(ACTIVITY) Copy out exactly the lines below that run from the one holding "APP = ln (1" to the one holding "using pop_engagement_le_1[of VP] by simp", keeping both of those lines and no others.

(EXERCISE DATA)

(* Let $(Z_N(i))_{0\le i\le N}$ be the breadth-first walk of a Poisson random hypergraph on $N$ vertices with parameters $(\beta_j)_{j\ge2}$, let $C_N(i)$ be the number of children of the $i$th vertex $v(i)$ in the breadth-first ordering, and $P_N(i)$ the number of patches added before the $(i+1)$st deletion. Let $$\lambda_2(N,i)=N\sum_{j=0}^{i}\beta_{j+2}\binom{i}{j}\Big/\binom{N}{j+2},\qquad \rho(N,i)=1-\exp(-\lambda_2(N,i)).$$ Then, for $1\le i\le N$, given $Z_N(i-1)$ and $P_N(i-1)$, the distribution of $C_N(i)$ is $$\mathrm{Bin}\big(N-(i-1)-Z_N(i-1)-P_N(i-1),\ \rho(N,i-1)\big).$$
   Context: Poisson random hypergraph: vertex set $\{1,\dots,N\}$; $(\beta_j)_{j\ge2}$ nonnegative reals, $\beta(t)=\sum_{j\ge2}\beta_jt^j$ with $\beta'(1)<\infty$; for each $A$ with $|A|=j\ge2$, the number of hyperedges on $A$ is Poisson with mean $N\beta_j/\binom{N}{j}$, independently over $A$. A 1-edge is a patch; deleting a patched vertex $v$ removes it and replaces each other hyperedge containing $v$ by the hyperedge on its remaining vertices (2-edges containing $v$ become patches). Breadth-first ordering: put a patch on the lowest-labelled vertex, call it $v(1)$. Having processed $v(1),\dots,v(i-1)$, the children of $v(i)$ are the not-yet-numbered vertices $w$ such that some original hyperedge consists of $v(i)$, $w$ and a subset of $\{v(1),\dots,v(i-1)\}$; they receive the next numbers in order of original label, then $v(i)$ is deleted with collapse; if no numbered-but-undeleted vertex remains, a patch is put on the lowest-labelled un-numbered vertex, which becomes the next numbered vertex. Breadth-first walk: $Z_N(0)=0$, $Z_N(i)=Z_N(i-1)+C_N(i)-1$. Patch count: $P_N(0)=1$, $P_N(i)=1-\min_{j\le i}Z_N(j)$ for $i\ge1$. *)

theory Defs
  imports "HOL-Probability.Probability"
begin

definition pois :: "real \<Rightarrow> nat pmf" where
  "pois r = (if r = 0 then return_pmf 0 else poisson_pmf r)"

text \<open>A hypergraph on {1..N} is a multiplicity function H: H A is the number of
  hyperedges on the vertex set A. Possible hyperedge sets: subsets of size >= 2.\<close>
definition hsets :: "nat \<Rightarrow> nat set set" where
  "hsets N = {A. A \<subseteq> {1..N} \<and> card A \<ge> 2}"

definition poisson_hypergraph :: "nat \<Rightarrow> (nat \<Rightarrow> real) \<Rightarrow> (nat set \<Rightarrow> nat) pmf" where
  "poisson_hypergraph N \<beta> =
     Pi_pmf (hsets N) 0
       (\<lambda>A. pois (real N * \<beta> (card A) / real (N choose card A)))"

text \<open>bf_pre N os i: the numbered list before the i-th deletion (i >= 1), given the
  list os of vertices numbered after i-1 deletions; if no numbered-but-undeleted vertex
  remains, a patch is put on the lowest-labelled un-numbered vertex.\<close>
definition bf_pre :: "nat \<Rightarrow> nat list \<Rightarrow> nat \<Rightarrow> nat list" where
  "bf_pre N os i = (if length os < i then os @ [Min ({1..N} - set os)] else os)"

text \<open>Children of v(i) = os'!(i-1): not-yet-numbered w such that some original hyperedge
  consists of v(i), w and a subset of {v(1),...,v(i-1)}.\<close>
definition bf_children :: "nat \<Rightarrow> (nat set \<Rightarrow> nat) \<Rightarrow> nat list \<Rightarrow> nat \<Rightarrow> nat set" where
  "bf_children N H os' i =
     {w \<in> {1..N} - set os'. \<exists>S. S \<subseteq> set (take (i - 1) os') \<and>
        H (insert (os' ! (i - 1)) (insert w S)) > 0}"
lemma shqp_local_convergence:
  fixes K :: "nat \<Rightarrow> 'a::euclidean_space set" and \<beta> \<tau> \<rho> :: real
  assumes "\<forall>l\<in>{1..m}. closed (K l)" "xs \<in> (\<Inter>l\<in>{1..m}. K l)"
    and "\<forall>l\<in>{1..m}. super_regular (K l) xs"
    and "\<beta> \<ge> 1" "open V1" "xs \<in> V1"
    and "\<forall>x\<in>V1. infdist x (\<Inter>l\<in>{1..m}. K l) \<le> \<beta> * Max ((\<lambda>l. infdist x (K l)) ` {1..m})"
    and "0 < \<tau>" "\<tau> < 1" "\<rho> = sqrt (\<beta>\<^sup>2 - (1 - \<tau>)\<^sup>2) / \<beta>"
  shows "\<exists>U. open U \<and> xs \<in> U \<and>
    (\<forall>x0\<in>U. \<forall>p x jb xp. shqp_run K m p (\<lambda>_. \<tau>) x0 x jb xp \<longrightarrow>
       (\<exists>xbar. xbar \<in> (\<Inter>l\<in>{1..m}. K l) \<inter> V1 \<and> x \<longlonglongrightarrow> xbar \<and>
          (\<forall>i. norm (x (Suc i) - xbar) \<le> norm (x i - xbar)) \<and>
          (\<forall>i. norm (x i - xbar) \<le> \<beta> / (1 - \<rho>) * Max ((\<lambda>l. infdist (x i) (K l)) ` {1..m}))))"
proof -
  have \<rho>: "0 \<le> \<rho>" "\<rho> < 1" "\<rho>\<^sup>2 = 1 - ((1 - \<tau>) / \<beta>)\<^sup>2"
    using shqp_rate[of \<beta> \<tau>] assms(4,8,9,10) by auto
  define \<delta> where "\<delta> = \<tau> / (\<beta> / (1 - \<rho>) + 1)"
  have "0 < \<beta> / (1 - \<rho>)" using assms(4) \<rho>(2) by simp
  with assms(8) have \<delta>: "0 < \<delta>" "\<delta> * (\<beta> / (1 - \<rho>) + 1) \<le> \<tau>" by (simp_all add: \<delta>_def)
  obtain r where r: "0 < r" "cball xs r \<subseteq> V1"
    "\<forall>l\<in>{1..m}. \<forall>z\<in>K l \<inter> cball xs r. \<forall>y\<in>K l \<inter> cball xs r. \<forall>v\<in>limiting_normal_cone (K l) y.
       inner (z - y) v \<le> \<delta> * norm (z - y) * norm v"
    using super_regular_uniform_ball[OF finite_atLeastAtMost assms(3) \<delta>(1) assms(5,6)] by metis
  define s where "s = r / 2 / (1 + 1 / (1 - \<rho>))"
  show ?thesis
  proof (intro exI[of _ "ball xs s"] conjI ballI allI impI)
    show "xs \<in> ball xs s" using r(1) \<rho>(2) by (simp add: s_def add_pos_pos)
    fix x0 p x jb xp assume x0: "x0 \<in> ball xs s" and run: "shqp_run K m p (\<lambda>_. \<tau>) x0 x jb xp"
    have "shqp_local_run K m xs \<beta> \<tau> \<rho> \<delta> r p x jb xp"
    proof unfold_locales
      show "(1 + 1 / (1 - \<rho>)) * norm (x 0 - xs) \<le> r / 2"
        using run x0 \<rho>(2) by (auto simp: shqp_run_def s_def dist_norm norm_minus_commute field_simps)
    qed (use assms \<rho> \<delta> r run in \<open>auto simp: shqp_run_def\<close>)
    then show "\<exists>xbar. xbar \<in> (\<Inter>l\<in>{1..m}. K l) \<inter> V1 \<and> x \<longlonglongrightarrow> xbar \<and>
        (\<forall>i. norm (x (Suc i) - xbar) \<le> norm (x i - xbar)) \<and>
        (\<forall>i. norm (x i - xbar) \<le> \<beta> / (1 - \<rho>) * Max ((\<lambda>l. infdist (x i) (K l)) ` {1..m}))"
      using r(2) by (elim shqp_local_run.converges_in_Kcap) blast
  qed simp
qed
lemma step_engagement_le:
  assumes "-1 < VP" "0 \<le> p" "p \<le> 1"
  shows "step_expect VP p pol t (\<lambda>a vN. engage_prob VP vN a)
     \<le> pop_engagement VP + p * (1 - pop_engagement VP) * (1 - all_PP_prob VP pol vN_low (Suc t))
       - (1 - p) * niche_loss VP * (all_PP_prob VP pol vN_low t - all_PP_prob VP pol vN_low (Suc t))"
proof -
  have "step_expect VP p pol t (\<lambda>a vN. engage_prob VP vN a)
      \<le> p * (pop_engagement VP + (1 - pop_engagement VP) * (1 - all_PP_prob VP pol vN_low (Suc t)))
        + (1 - p) * (pop_engagement VP
          - niche_loss VP * (all_PP_prob VP pol vN_low t - all_PP_prob VP pol vN_low (Suc t)))"
    unfolding step_expect_def using assms
    by (intro add_mono mult_left_mono cond_engagement_low_le
        cond_engagement_le[of VP pol t "vN_high p", unfolded all_PP_prob_indep[of _ _ "vN_high p" _ vN_low]]) auto
  thus ?thesis
    by (simp add: algebra_simps)
qed

lemma Eng_le_pop_engagement:
  assumes VP: "-1 < VP" and p: "0 \<le> p" "p \<le> 1" and \<delta>: "0 \<le> \<delta>" "\<delta> < 1"
    and small_p: "p * (1 - pop_engagement VP) \<le> (1 - p) * niche_loss VP * (1 - \<delta>)"
  shows "Eng VP \<delta> p pol \<le> pop_engagement VP / (1 - \<delta>)"
  unfolding Eng_def
proof (rule suminf_discounted_le_telescoping[OF \<delta>, where x = "\<lambda>t. 1 - all_PP_prob VP pol vN_low t"
      and a = "p * (1 - pop_engagement VP)" and b = "(1 - p) * niche_loss VP"])
  show "summable (\<lambda>t. \<delta> ^ t * step_expect VP p pol t (\<lambda>a vN. engage_prob VP vN a))"
    using step_engagement_bounds[OF p] by (intro summable_discounted[OF \<delta>, of _ 1]) auto
  show "step_expect VP p pol t (\<lambda>a vN. engage_prob VP vN a)
      \<le> pop_engagement VP + p * (1 - pop_engagement VP) * (1 - all_PP_prob VP pol vN_low (Suc t))
        - (1 - p) * niche_loss VP * ((1 - all_PP_prob VP pol vN_low (Suc t)) - (1 - all_PP_prob VP pol vN_low t))"
    for t using step_engagement_le[OF VP p, of pol t] by simp
qed (use small_p all_PP_prob_0 all_PP_prob_nonneg all_PP_prob_le_1 in \<open>auto simp: algebra_simps\<close>)

lemma cond_expect_APP: "cond_expect VP APP t g vN = g PP vN"
proof -
  have "cond_expect VP APP t g vN = (\<Sum>h\<in>histories t. hist_prob VP APP vN h) * g PP vN"
    unfolding cond_expect_def by (simp add: APP_def sum_all_actions sum_distrib_right)
  thus ?thesis by (simp add: sum_hist_prob)
qed

lemma Eng_APP:
  assumes "0 \<le> \<delta>" "\<delta> < 1"
  shows "Eng VP \<delta> p APP = pop_engagement VP / (1 - \<delta>)"
proof -
  have "step_expect VP p APP t (\<lambda>a vN. engage_prob VP vN a) = pop_engagement VP" for t
    by (simp add: step_expect_def cond_expect_APP engage_prob_PP algebra_simps)
  thus ?thesis
    unfolding Eng_def using suminf_discounted_const[OF assms] by simp
qed

lemma Util_APP:
  assumes "0 \<le> \<delta>" "\<delta> < 1"
  shows "Util VP \<delta> p APP = ln (1 + 2 * exp VP) / (1 - \<delta>)"
proof -
  have "step_expect VP p APP t (\<lambda>a vN. exp_max_util VP vN a) = ln (1 + 2 * exp VP)" for t
    by (simp add: step_expect_def cond_expect_APP exp_max_util_eq algebra_simps)
  thus ?thesis
    unfolding Util_def using suminf_discounted_const[OF assms] by simp
qed

theorem theorem1:
  fixes VP \<delta> :: real
  assumes "VP \<ge> 0" and "0 \<le> \<delta>" and "\<delta> < 1"
  shows "(\<exists>p0. 0 < p0 \<and> p0 \<le> 1 \<and>
           (\<forall>p. 0 < p \<and> p \<le> p0 \<and> p < 1 \<longrightarrow>
              (\<forall>pol. Eng VP \<delta> p pol \<le> Eng VP \<delta> p APP)))
       \<and> (\<forall>p. 0 < p \<and> p < 1 \<longrightarrow>
              Eng VP \<delta> p APP = 1 / (1 - \<delta>) * (2 * exp VP / (1 + 2 * exp VP))
            \<and> Util VP \<delta> p APP = 1 / (1 - \<delta>) * ln (1 + 2 * exp VP))"
proof (intro conjI allI impI)
  define c where "c = niche_loss VP * (1 - \<delta>)"
  define p0 where "p0 = c / ((1 - pop_engagement VP) + c)"
  have "0 < c"
    using niche_loss_pos[of VP] assms unfolding c_def by simp
  moreover have "0 \<le> 1 - pop_engagement VP"
    using pop_engagement_le_1[of VP] by simp
  ultimately show "\<exists>p0. 0 < p0 \<and> p0 \<le> 1 \<and> (\<forall>p. 0 < p \<and> p \<le> p0 \<and> p < 1 \<longrightarrow>
      (\<forall>pol. Eng VP \<delta> p pol \<le> Eng VP \<delta> p APP))"
  proof (intro exI[of _ p0] conjI allI impI)
    fix p pol assume p: "0 < p \<and> p \<le> p0 \<and> p < 1"
    hence "p * (1 - pop_engagement VP) \<le> (1 - p) * niche_loss VP * (1 - \<delta>)"
      using \<open>0 < c\<close> \<open>0 \<le> 1 - pop_engagement VP\<close> unfolding p0_def c_def by (simp add: field_simps)
    thus "Eng VP \<delta> p pol \<le> Eng VP \<delta> p APP"
      using Eng_le_pop_engagement[of VP p \<delta>] Eng_APP assms p by simp
  qed (auto simp: p0_def)
next
  fix p :: real
  show "Eng VP \<delta> p APP = 1 / (1 - \<delta>) * (2 * exp VP / (1 + 2 * exp VP))"
    using Eng_APP[OF assms(2,3)] by (simp add: pop_engagement_def)
  show "Util VP \<delta> p APP = 1 / (1 - \<delta>) * ln (1 + 2 * exp VP)"
    using Util_APP[OF assms(2,3)] by simp
qed

end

(RESPONSE TO THIS EXERCISE)
  shows "Util VP \<delta> p APP = ln (1 + 2 * exp VP) / (1 - \<delta>)"
proof -
  have "step_expect VP p APP t (\<lambda>a vN. exp_max_util VP vN a) = ln (1 + 2 * exp VP)" for t
    by (simp add: step_expect_def cond_expect_APP exp_max_util_eq algebra_simps)
  thus ?thesis
    unfolding Util_def using suminf_discounted_const[OF assms] by simp
qed

theorem theorem1:
  fixes VP \<delta> :: real
  assumes "VP \<ge> 0" and "0 \<le> \<delta>" and "\<delta> < 1"
  shows "(\<exists>p0. 0 < p0 \<and> p0 \<le> 1 \<and>
           (\<forall>p. 0 < p \<and> p \<le> p0 \<and> p < 1 \<longrightarrow>
              (\<forall>pol. Eng VP \<delta> p pol \<le> Eng VP \<delta> p APP)))
       \<and> (\<forall>p. 0 < p \<and> p < 1 \<longrightarrow>
              Eng VP \<delta> p APP = 1 / (1 - \<delta>) * (2 * exp VP / (1 + 2 * exp VP))
            \<and> Util VP \<delta> p APP = 1 / (1 - \<delta>) * ln (1 + 2 * exp VP))"
proof (intro conjI allI impI)
  define c where "c = niche_loss VP * (1 - \<delta>)"
  define p0 where "p0 = c / ((1 - pop_engagement VP) + c)"
  have "0 < c"
    using niche_loss_pos[of VP] assms unfolding c_def by simp
  moreover have "0 \<le> 1 - pop_engagement VP"
    using pop_engagement_le_1[of VP] by simp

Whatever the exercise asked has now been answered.